### TASK DIRECTIONS
Look at the entries below and reproduce them exactly.

═════ RECORDS SHOWN

lemma eq_if_le_and_sum_le:
  assumes "k \<in> exps n" "p \<in> exps n" "\<forall>i. k i \<le> p i" "(\<Sum>i<n. p i) \<le> (\<Sum>i<n. k i)"
  shows "k = p"
proof (rule ccontr)
  assume "k \<noteq> p"
  then obtain j where j: "k j \<noteq> p j"
    by auto
  then have "j < n"
    using assms(1,2) by (auto simp: exps_def intro: ccontr)
  then have "(\<Sum>i<n. k i) < (\<Sum>i<n. p i)"
    using assms(3) j by (intro sum_strict_mono_ex1) (auto simp: le_less)
  then show False
    using assms(4) by simp
qed

text \<open>A word \<open>x\<^sup>k y\<^sup>l\<close> of the support of \<open>a\<close> contributes to \<open>corner n p q a\<close> only if \<open>k \<le> p\<close>
  and \<open>q = l + (p - k)\<close>; minimality of \<open>\<Sum>i<n. p i\<close> leaves only the word \<open>(p, q)\<close>.\<close>

lemma corner_minimal_support:
  assumes a: "a \<in> Sn n" and pq: "(p, q) \<in> supp a"
    and min: "\<And>k l. (k, l) \<in> supp a \<Longrightarrow> (\<Sum>i<n. p i) \<le> (\<Sum>i<n. k i)"
  shows "corner n p q a = sscale (a (p, q)) (idem n)"
proof -
  have supp_words: "supp a \<subseteq> words n"
    using a by (simp add: Sn_def)
  then have pq_exps: "p \<in> exps n" "q \<in> exps n"
    using pq by (auto simp: words_iff_exps)
  have "corner n p q a = sscale (a (p, q)) (corner n p q (sbasis (p, q)))"
    unfolding corner_def
  proof (rule smult_sandwich_single)
    fix u assume u: "u \<in> supp a" "u \<noteq> (p, q)"
    obtain k l where kl: "u = (k, l)"
      by fastforce
    have klw: "(k, l) \<in> words n"
      using u(1) kl supp_words by auto
    have not_le: "\<not> ((\<forall>i. k i \<le> p i) \<and> q = (\<lambda>i. l i + (p i - k i)))"
    proof
      assume le: "(\<forall>i. k i \<le> p i) \<and> q = (\<lambda>i. l i + (p i - k i))"
      have "k = p"
        using u(1) kl supp_words le min[of k l] pq_exps
        by (intro eq_if_le_and_sum_le[of k n]) (auto simp: words_iff_exps)
      with le have "l = q"
        by (simp add: fun_eq_iff)
      with \<open>k = p\<close> u(2) kl show False
        by simp
    qed
    show "smult (munit n zexp p) (smult (sbasis u) (munit n q zexp)) = szero"
      using corner_sbasis[OF klw pq_exps] not_le kl by (simp add: corner_def)
  qed (use a Sn_finsupp in auto)
  also have "corner n p q (sbasis (p, q)) = idem n"
    using pq pq_exps supp_words by (auto simp: corner_sbasis)
  finally show ?thesis .
qed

══════════

### SOLUTION
lemma eq_if_le_and_sum_le:
  assumes "k \<in> exps n" "p \<in> exps n" "\<forall>i. k i \<le> p i" "(\<Sum>i<n. p i) \<le> (\<Sum>i<n. k i)"
  shows "k = p"
proof (rule ccontr)
  assume "k \<noteq> p"
  then obtain j where j: "k j \<noteq> p j"
    by auto
  then have "j < n"
    using assms(1,2) by (auto simp: exps_def intro: ccontr)
  then have "(\<Sum>i<n. k i) < (\<Sum>i<n. p i)"
    using assms(3) j by (intro sum_strict_mono_ex1) (auto simp: le_less)
  then show False
    using assms(4) by simp
qed

text \<open>A word \<open>x\<^sup>k y\<^sup>l\<close> of the support of \<open>a\<close> contributes to \<open>corner n p q a\<close> only if \<open>k \<le> p\<close>
  and \<open>q = l + (p - k)\<close>; minimality of \<open>\<Sum>i<n. p i\<close> leaves only the word \<open>(p, q)\<close>.\<close>

lemma corner_minimal_support:
  assumes a: "a \<in> Sn n" and pq: "(p, q) \<in> supp a"
    and min: "\<And>k l. (k, l) \<in> supp a \<Longrightarrow> (\<Sum>i<n. p i) \<le> (\<Sum>i<n. k i)"
  shows "corner n p q a = sscale (a (p, q)) (idem n)"
proof -
  have supp_words: "supp a \<subseteq> words n"
    using a by (simp add: Sn_def)
  then have pq_exps: "p \<in> exps n" "q \<in> exps n"
    using pq by (auto simp: words_iff_exps)
  have "corner n p q a = sscale (a (p, q)) (corner n p q (sbasis (p, q)))"
    unfolding corner_def
  proof (rule smult_sandwich_single)
    fix u assume u: "u \<in> supp a" "u \<noteq> (p, q)"
    obtain k l where kl: "u = (k, l)"
      by fastforce
    have klw: "(k, l) \<in> words n"
      using u(1) kl supp_words by auto
    have not_le: "\<not> ((\<forall>i. k i \<le> p i) \<and> q = (\<lambda>i. l i + (p i - k i)))"
    proof
      assume le: "(\<forall>i. k i \<le> p i) \<and> q = (\<lambda>i. l i + (p i - k i))"
      have "k = p"
        using u(1) kl supp_words le min[of k l] pq_exps
        by (intro eq_if_le_and_sum_le[of k n]) (auto simp: words_iff_exps)
      with le have "l = q"
        by (simp add: fun_eq_iff)
      with \<open>k = p\<close> u(2) kl show False
        by simp
    qed
    show "smult (munit n zexp p) (smult (sbasis u) (munit n q zexp)) = szero"
      using corner_sbasis[OF klw pq_exps] not_le kl by (simp add: corner_def)
  qed (use a Sn_finsupp in auto)
  also have "corner n p q (sbasis (p, q)) = idem n"
    using pq pq_exps supp_words by (auto simp: corner_sbasis)
  finally show ?thesis .
qed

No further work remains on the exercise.